Aim of the task —
Copy out, exactly, the first line of the entries below and every line after it through the one containing "w1 \<noteq> v \<and>".

++++ Excerpted data

text \<open>Attaching cherry [x,y] to edge e = {p,q}, using fresh vertices u (subdivision) and c.\<close>
definition attach_cherry ::
  "'a set \<Rightarrow> 'a set set \<Rightarrow> 'a set \<Rightarrow> 'a \<Rightarrow> 'a \<Rightarrow> 'a \<Rightarrow> 'a \<Rightarrow> 'a set \<Rightarrow> 'a set set \<Rightarrow> bool" where
  "attach_cherry V E e x y u c V' E' \<longleftrightarrow> e \<in> E \<and>
     u \<notin> V \<and> c \<notin> V \<and> x \<notin> V \<and> y \<notin> V \<and> distinct [u, c, x, y] \<and>
     (\<exists>p q. e = {p, q} \<and> V' = V \<union> {u, c, x, y} \<and>
        E' = (E - {e}) \<union> {{p, u}, {u, q}, {u, c}, {c, x}, {c, y}})"

definition nni_move :: "'a set \<Rightarrow> 'a set set \<Rightarrow> 'a \<Rightarrow> 'a \<Rightarrow> 'a set set \<Rightarrow> bool" where
  "nni_move X E v w E' \<longleftrightarrow> {v, w} \<in> E \<and> v \<notin> X \<and> w \<notin> X \<and>
     (\<exists>v1 w1. {v, v1} \<in> E \<and> v1 \<noteq> w \<and> {w, w1} \<in> E \<and> w1 \<noteq> v \<and>
        E' = (E - {{v, v1}, {w, w1}}) \<union> {{v, w1}, {w, v1}})"

definition comp_without :: "'a set set \<Rightarrow> 'a \<Rightarrow> 'a \<Rightarrow> 'a \<Rightarrow> 'a set" where
  "comp_without E v w z = {t. (z, t) \<in> {(a, b). {a, b} \<in> E \<and> a \<notin> {v, w} \<and> b \<notin> {v, w}}\<^sup>*}"

definition other_nbrs :: "'a set set \<Rightarrow> 'a \<Rightarrow> 'a \<Rightarrow> 'a set" where
  "other_nbrs E v w = {z. ({v, z} \<in> E \<or> {w, z} \<in> E) \<and> z \<notin> {v, w}}"

definition k_problematic :: "nat \<Rightarrow> 'a set \<Rightarrow> 'a set set \<Rightarrow> 'a \<Rightarrow> 'a \<Rightarrow> bool" where
  "k_problematic k X E v w \<longleftrightarrow>
     (\<Sum>z\<in>other_nbrs E v w. (int (card (X \<inter> comp_without E v w z)) - 1) div 2) < int k - 2"

definition prob_step :: "nat \<Rightarrow> 'a set \<Rightarrow> ('a set set \<times> 'a set set) set" where
  "prob_step k X = {(E, E'). \<exists>v w. k_problematic k X E v w \<and> nni_move X E v w E'}"

definition obtainable_by_problematic ::
  "nat \<Rightarrow> 'a set \<Rightarrow> 'a set \<Rightarrow> 'a set set \<Rightarrow> 'a set \<Rightarrow> 'a set set \<Rightarrow> bool" where
  "obtainable_by_problematic k X V E V' E' \<longleftrightarrow>
     (\<exists>E''. (E, E'') \<in> (prob_step k X)\<^sup>* \<and> iso_X X V E'' V' E')"

end

theory Submission
  imports Defs
begin

text \<open>An NNI move of S on an inner edge {v,w} is imitated in T by carrying the cherry along.
  If the edge {p,q} subdivided by the cherry is not involved in the move, the same move is made
  in T; if it is one of the two edges that are exchanged, the cherry travels with its subtree;
  if it is {v,w} itself, one extra move on the edge {p,u} first shifts the cherry to a
  neighbouring edge. Each of these moves of T is (k+1)-problematic: around an inner edge of T
  the cherry either adds its two leaves to a single one of the four subtrees, or (for the move
  on {p,u}) forms a subtree with two leaves while the two subtrees behind q merge, and either
  change raises the sum of the terms \<lfloor>(n_i - 1)/2\<rfloor> by at most one. Finally, an isomorphism
  from the last tree of the sequence to the target tree transports the cherry to an edge of
  the target.\<close>

section \<open>Graphs, components and trees\<close>

lemma edge_rel_iff [simp]: "(a, b) \<in> edge_rel E \<longleftrightarrow> {a, b} \<in> E"
  by (simp add: edge_rel_def)

lemma edge_rel_rtrancl_sym: "(a, b) \<in> (edge_rel E)\<^sup>* \<Longrightarrow> (b, a) \<in> (edge_rel E)\<^sup>*"
proof -
  have "(edge_rel E)\<inverse> = edge_rel E" by (auto simp: insert_commute)
  thus "(a, b) \<in> (edge_rel E)\<^sup>* \<Longrightarrow> (b, a) \<in> (edge_rel E)\<^sup>*" by (metis rtrancl_converseI)
qed

lemma edge_rel_rtrancl_mono: "E \<subseteq> F \<Longrightarrow> (edge_rel E)\<^sup>* \<subseteq> (edge_rel F)\<^sup>*"
  by (rule rtrancl_mono) (auto simp: edge_rel_def)

lemma edge_in_edge_rel_rtrancl: "{a, b} \<in> E \<Longrightarrow> (a, b) \<in> (edge_rel E)\<^sup>*"
  by auto

definition graph_on :: "'a set \<Rightarrow> 'a set set \<Rightarrow> bool" where
  "graph_on V E \<longleftrightarrow> (\<forall>e\<in>E. \<exists>a b. e = {a, b} \<and> a \<noteq> b \<and> a \<in> V \<and> b \<in> V)"

definition cycle_free :: "'a set set \<Rightarrow> bool" where
  "cycle_free E \<longleftrightarrow> (\<forall>a b. {a, b} \<in> E \<longrightarrow> (a, b) \<notin> (edge_rel (E - {{a, b}}))\<^sup>*)"

lemma is_tree_graph_on: "is_tree V E \<Longrightarrow> graph_on V E"
  unfolding is_tree_def graph_on_def by (elim conjE)

lemma is_tree_cycle_free: "is_tree V E \<Longrightarrow> cycle_free E"
  unfolding is_tree_def cycle_free_def by (elim conjE)

lemma graph_on_edge: "graph_on V E \<Longrightarrow> {a, b} \<in> E \<Longrightarrow> a \<in> V \<and> b \<in> V \<and> a \<noteq> b"
  unfolding graph_on_def by (metis doubleton_eq_iff insertI1)

lemma graph_on_finite: "finite V \<Longrightarrow> graph_on V E \<Longrightarrow> finite E"
proof -
  assume "finite V" "graph_on V E"
  hence "E \<subseteq> Pow V" unfolding graph_on_def by fastforce
  thus ?thesis using \<open>finite V\<close> by (simp add: finite_subset)
qed

lemma graph_on_subset:
  assumes "graph_on V E" "e \<in> E"
  shows "e \<subseteq> V"
proof -
  obtain a b where "e = {a, b}" "a \<in> V" "b \<in> V" using assms unfolding graph_on_def by blast
  thus ?thesis by simp
qed

lemma cycle_free_no_triangle:
  assumes "cycle_free E" "{a, b} \<in> E" "{b, d} \<in> E" "{a, d} \<in> E" "a \<noteq> b" "b \<noteq> d" "a \<noteq> d"
  shows False
proof -
  have "{a, b} \<in> E - {{a, d}}" "{b, d} \<in> E - {{a, d}}"
    using assms by (auto simp: doubleton_eq_iff)
  hence "(a, d) \<in> (edge_rel (E - {{a, d}}))\<^sup>*"
    by (meson edge_in_edge_rel_rtrancl rtrancl_trans)
  thus False using assms(1,4) unfolding cycle_free_def by blast
qed

definition component :: "'a set set \<Rightarrow> 'a \<Rightarrow> 'a set" where
  "component F a = {b. (a, b) \<in> (edge_rel F)\<^sup>*}"

definition num_components :: "'a set \<Rightarrow> 'a set set \<Rightarrow> nat" where
  "num_components V F = card (component F ` V)"

lemma component_eq_iff: "component F a = component F b \<longleftrightarrow> (a, b) \<in> (edge_rel F)\<^sup>*"
proof
  assume "component F a = component F b"
  moreover have "b \<in> component F b" unfolding component_def by simp
  ultimately have "b \<in> component F a" by simp
  thus "(a, b) \<in> (edge_rel F)\<^sup>*" unfolding component_def by simp
next
  assume "(a, b) \<in> (edge_rel F)\<^sup>*"
  moreover hence "(b, a) \<in> (edge_rel F)\<^sup>*" by (rule edge_rel_rtrancl_sym)
  ultimately show "component F a = component F b"
    unfolding component_def by (auto intro: rtrancl_trans)
qed

lemma component_no_edges: "component {} a = {a}"
  unfolding component_def edge_rel_def by simp

lemma num_components_no_edges: "num_components V {} = card V"
  unfolding num_components_def component_no_edges
  by (metis card_image inj_onI singleton_inject)

lemma rtrancl_insert_connected_edge:
  assumes "(a, b) \<in> (edge_rel F)\<^sup>*"
  shows "(edge_rel (insert {a, b} F))\<^sup>* = (edge_rel F)\<^sup>*"
proof
  have ba: "(b, a) \<in> (edge_rel F)\<^sup>*" using assms by (rule edge_rel_rtrancl_sym)
  show "(edge_rel (insert {a, b} F))\<^sup>* \<subseteq> (edge_rel F)\<^sup>*"
  proof (rule rtrancl_subset_rtrancl, clarify)
    fix s t assume "(s, t) \<in> edge_rel (insert {a, b} F)"
    hence "(s, t) \<in> {(a, b), (b, a)} \<or> (s, t) \<in> edge_rel F" by (auto simp: doubleton_eq_iff)
    thus "(s, t) \<in> (edge_rel F)\<^sup>*" using assms ba by blast
  qed
  show "(edge_rel F)\<^sup>* \<subseteq> (edge_rel (insert {a, b} F))\<^sup>*"
    by (rule edge_rel_rtrancl_mono) auto
qed

lemma rtrancl_insert_edge_iff:
  "(s, t) \<in> (edge_rel (insert {a, b} F))\<^sup>* \<longleftrightarrow>
    (s, t) \<in> (edge_rel F)\<^sup>* \<or> ((s, a) \<in> (edge_rel F)\<^sup>* \<and> (b, t) \<in> (edge_rel F)\<^sup>*)
     \<or> ((s, b) \<in> (edge_rel F)\<^sup>* \<and> (a, t) \<in> (edge_rel F)\<^sup>*)"
  (is "?L \<longleftrightarrow> ?R")
proof
  assume ?L thus ?R
  proof (induction rule: rtrancl_induct)
    case base thus ?case by simp
  next
    case (step t t')
    hence "{t, t'} = {a, b} \<or> (t, t') \<in> edge_rel F" by auto
    thus ?case using step(3)
      by (auto simp: doubleton_eq_iff intro: rtrancl_into_rtrancl)
  qed
next
  let ?G = "(edge_rel (insert {a, b} F))\<^sup>*"
  have sub: "(edge_rel F)\<^sup>* \<subseteq> ?G" by (rule edge_rel_rtrancl_mono) auto
  have "(a, b) \<in> ?G" by (rule edge_in_edge_rel_rtrancl) simp
  moreover hence "(b, a) \<in> ?G" by (rule edge_rel_rtrancl_sym)
  moreover assume ?R
  ultimately show ?L using sub by (meson rtrancl_trans subsetD)
qed

lemma num_components_insert_connected:
  "(a, b) \<in> (edge_rel F)\<^sup>* \<Longrightarrow> num_components V (insert {a, b} F) = num_components V F"
  unfolding num_components_def component_def by (simp add: rtrancl_insert_connected_edge)

lemma component_insert_edge:
  assumes "(a, b) \<notin> (edge_rel F)\<^sup>*"
  shows "component (insert {a, b} F) z =
      (if (z, a) \<in> (edge_rel F)\<^sup>* \<or> (z, b) \<in> (edge_rel F)\<^sup>*
       then component F a \<union> component F b else component F z)"
proof -
  have "(z, b) \<notin> (edge_rel F)\<^sup>*" if "(z, a) \<in> (edge_rel F)\<^sup>*"
    using assms that by (meson edge_rel_rtrancl_sym rtrancl_trans)
  thus ?thesis
    unfolding component_def rtrancl_insert_edge_iff
    by (auto intro: rtrancl_trans dest: edge_rel_rtrancl_sym)
qed

lemma card_merge_two:
  assumes "finite A" "p \<in> A" "q \<in> A" "p \<noteq> q" "r \<notin> A - {p, q}"
  shows "card ((A - {p, q}) \<union> {r}) + 1 = card A"
proof -
  have "card (A - {p, q}) = card A - 2" using assms by (simp add: card_Diff_subset)
  moreover have "card A \<ge> 2" using assms
    by (metis card_2_iff card_mono empty_subsetI insert_subset)
  ultimately show ?thesis using assms by simp
qed
(* Let $f:[0,\infty)\to\mathbb{R}$ be convex with $f(1)=0$ and let $G$ be increasing and convex with $G(0)=0$. Let $\mathcal{M}$ be a finite set with $|\mathcal{M}|\ge2$, and let $p_{M\hat M}$ be a joint distribution on $\mathcal{M}\times\mathcal{M}$ whose $M$-marginal is uniform and with $p_{M\hat M}(M\ne\hat M)=\epsilon$. Then under $p_{M\hat M}$, $$I_{G,f}(M;\hat M)\ge G\!\left(\frac{1}{|\mathcal{M}|}f\big(|\mathcal{M}|(1-\epsilon)\big)+\frac{|\mathcal{M}|-1}{|\mathcal{M}|}f\!\left(\frac{|\mathcal{M}|\epsilon}{|\mathcal{M}|-1}\right)\right).$$
   Context: $D_f(p\|q)=\sum_y q(y) f(p(y)/q(y))$ with $0f(0/0)=0$. $I_{G,f}(M;\hat M)=\min_{q_{\hat M}}\sum_m p_M(m)\,G(D_f(p_{\hat M|M=m}\|q_{\hat M}))$. *)

theory Defs
  imports "HOL-Analysis.Analysis"
begin

text \<open>Asymptotic slope of f, used for the convention q f(p/q) = p * lim_{t->oo} f(t)/t when q = 0 < p.\<close>
definition f_slope_inf :: "(real \<Rightarrow> real) \<Rightarrow> ereal" where
  "f_slope_inf f = Lim at_top (\<lambda>t. ereal (f t / t))"

definition fdiv_term :: "(real \<Rightarrow> real) \<Rightarrow> real \<Rightarrow> real \<Rightarrow> ereal" where
  "fdiv_term f a b =
     (if b > 0 then ereal (b * f (a / b))
      else if a = 0 then 0
      else ereal a * f_slope_inf f)"

definition f_div :: "(real \<Rightarrow> real) \<Rightarrow> ('a::finite \<Rightarrow> real) \<Rightarrow> ('a \<Rightarrow> real) \<Rightarrow> ereal" where
  "f_div f p q = (\<Sum>y\<in>UNIV. fdiv_term f (p y) (q y))"
lemma J_fun_eq:
  "J_fun s \<mu> M G \<Omega> u = s / real DIM('a) * Mhat M (enn2real (gagliardo (real DIM('a) / s) s u))
     - 1/2 * choquard_integral u"
  unfolding J_fun_def choquard_integral_def X0_norm_powr[OF s_pos] ..

lemma choquard_integral_le_of_J_fun_ge:
  assumes "gagliardo (real DIM('a) / s) s w \<le> gagliardo (real DIM('a) / s) s u"
    and "gagliardo (real DIM('a) / s) s u < \<infinity>"
    and "J_fun s \<mu> M G \<Omega> u - c \<le> J_fun s \<mu> M G \<Omega> w"
  shows "choquard_integral w \<le> 2 * (s / real DIM('a) * Mhat M (enn2real (gagliardo (real DIM('a) / s) s u))
     - J_fun s \<mu> M G \<Omega> u + c)"
proof -
  define A where "A = s / real DIM('a) * Mhat M (enn2real (gagliardo (real DIM('a) / s) s u))"
  define Aw where "Aw = s / real DIM('a) * Mhat M (enn2real (gagliardo (real DIM('a) / s) s w))"
  have "Mhat M (enn2real (gagliardo (real DIM('a) / s) s w))
      \<le> Mhat M (enn2real (gagliardo (real DIM('a) / s) s u))"
    using assms(1,2) by (intro Mhat_mono M_continuous M_nonneg enn2real_mono) auto
  then have "Aw \<le> A"
    unfolding A_def Aw_def using s_pos by (intro mult_left_mono) auto
  moreover have "J_fun s \<mu> M G \<Omega> w = Aw - 1/2 * choquard_integral w"
    unfolding Aw_def by (rule J_fun_eq)
  ultimately have "1/2 * choquard_integral w \<le> A - J_fun s \<mu> M G \<Omega> u + c"
    using assms(3) by linarith
  then have "2 * (1/2 * choquard_integral w) \<le> 2 * (A - J_fun s \<mu> M G \<Omega> u + c)"
    by (rule mult_left_mono) simp
  then show ?thesis
    unfolding A_def by simp
qed

lemma choquard_energy_finite_if_differentiable:
  assumes u: "u \<in> X0 s \<Omega>" and d: "has_X0_derivative s \<Omega> (J_fun s \<mu> M G \<Omega>) L u"
  shows "choquard_energy u < \<infinity>"
proof -
  define J where "J = J_fun s \<mu> M G \<Omega>"
  have [measurable]: "u \<in> borel_measurable lebesgue"
    using u by (rule X0_borel_measurable)
  obtain m0 where m0: "\<And>m. m \<ge> m0 \<Longrightarrow> J u - 1 \<le> J (\<lambda>x. min (u x) (real m))"
    using has_X0_derivative_truncation_ge[OF d u s_pos] unfolding J_def by blast
  define K where "K = 2 * (s / real DIM('a) * Mhat M (enn2real (gagliardo (real DIM('a) / s) s u)) - J u + 1)"
  have "choquard_energy (\<lambda>y. min (u y) (real m)) \<le> ennreal K" if "m \<ge> m0" for m
  proof -
    define w where "w = (\<lambda>x. min (u x) (real m))"
    have w_meas: "w \<in> borel_measurable lebesgue"
      unfolding w_def by measurable
    have "gagliardo (real DIM('a) / s) s w \<le> gagliardo (real DIM('a) / s) s u"
      unfolding w_def using s_pos by (intro gagliardo_mono) (auto simp: min_def abs_if)
    then have "choquard_integral w \<le> K"
      using m0[OF that] unfolding K_def J_def w_def
      by (intro choquard_integral_le_of_J_fun_ge X0_gagliardo_finite[OF u])
    moreover have "choquard_energy w < \<infinity>"
      using w_meas by (rule choquard_energy_finite_if_bounded_above[of w "real m"]) (simp add: w_def)
    then have "choquard_energy w = ennreal (choquard_integral w)"
      using choquard_integral_eq_energy[OF w_meas] by simp
    ultimately show ?thesis
      unfolding w_def by (simp add: ennreal_leI)
  qed
  then have "choquard_energy u \<le> ennreal K"
    by (rule choquard_energy_le_of_truncations[rotated]) measurable
  then show ?thesis
    using le_less_trans by fastforce
qed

++++++++

Result of this exercise —
text \<open>Attaching cherry [x,y] to edge e = {p,q}, using fresh vertices u (subdivision) and c.\<close>
definition attach_cherry ::
  "'a set \<Rightarrow> 'a set set \<Rightarrow> 'a set \<Rightarrow> 'a \<Rightarrow> 'a \<Rightarrow> 'a \<Rightarrow> 'a \<Rightarrow> 'a set \<Rightarrow> 'a set set \<Rightarrow> bool" where
  "attach_cherry V E e x y u c V' E' \<longleftrightarrow> e \<in> E \<and>
     u \<notin> V \<and> c \<notin> V \<and> x \<notin> V \<and> y \<notin> V \<and> distinct [u, c, x, y] \<and>
     (\<exists>p q. e = {p, q} \<and> V' = V \<union> {u, c, x, y} \<and>
        E' = (E - {e}) \<union> {{p, u}, {u, q}, {u, c}, {c, x}, {c, y}})"

definition nni_move :: "'a set \<Rightarrow> 'a set set \<Rightarrow> 'a \<Rightarrow> 'a \<Rightarrow> 'a set set \<Rightarrow> bool" where
  "nni_move X E v w E' \<longleftrightarrow> {v, w} \<in> E \<and> v \<notin> X \<and> w \<notin> X \<and>
     (\<exists>v1 w1. {v, v1} \<in> E \<and> v1 \<noteq> w \<and> {w, w1} \<in> E \<and> w1 \<noteq> v \<and>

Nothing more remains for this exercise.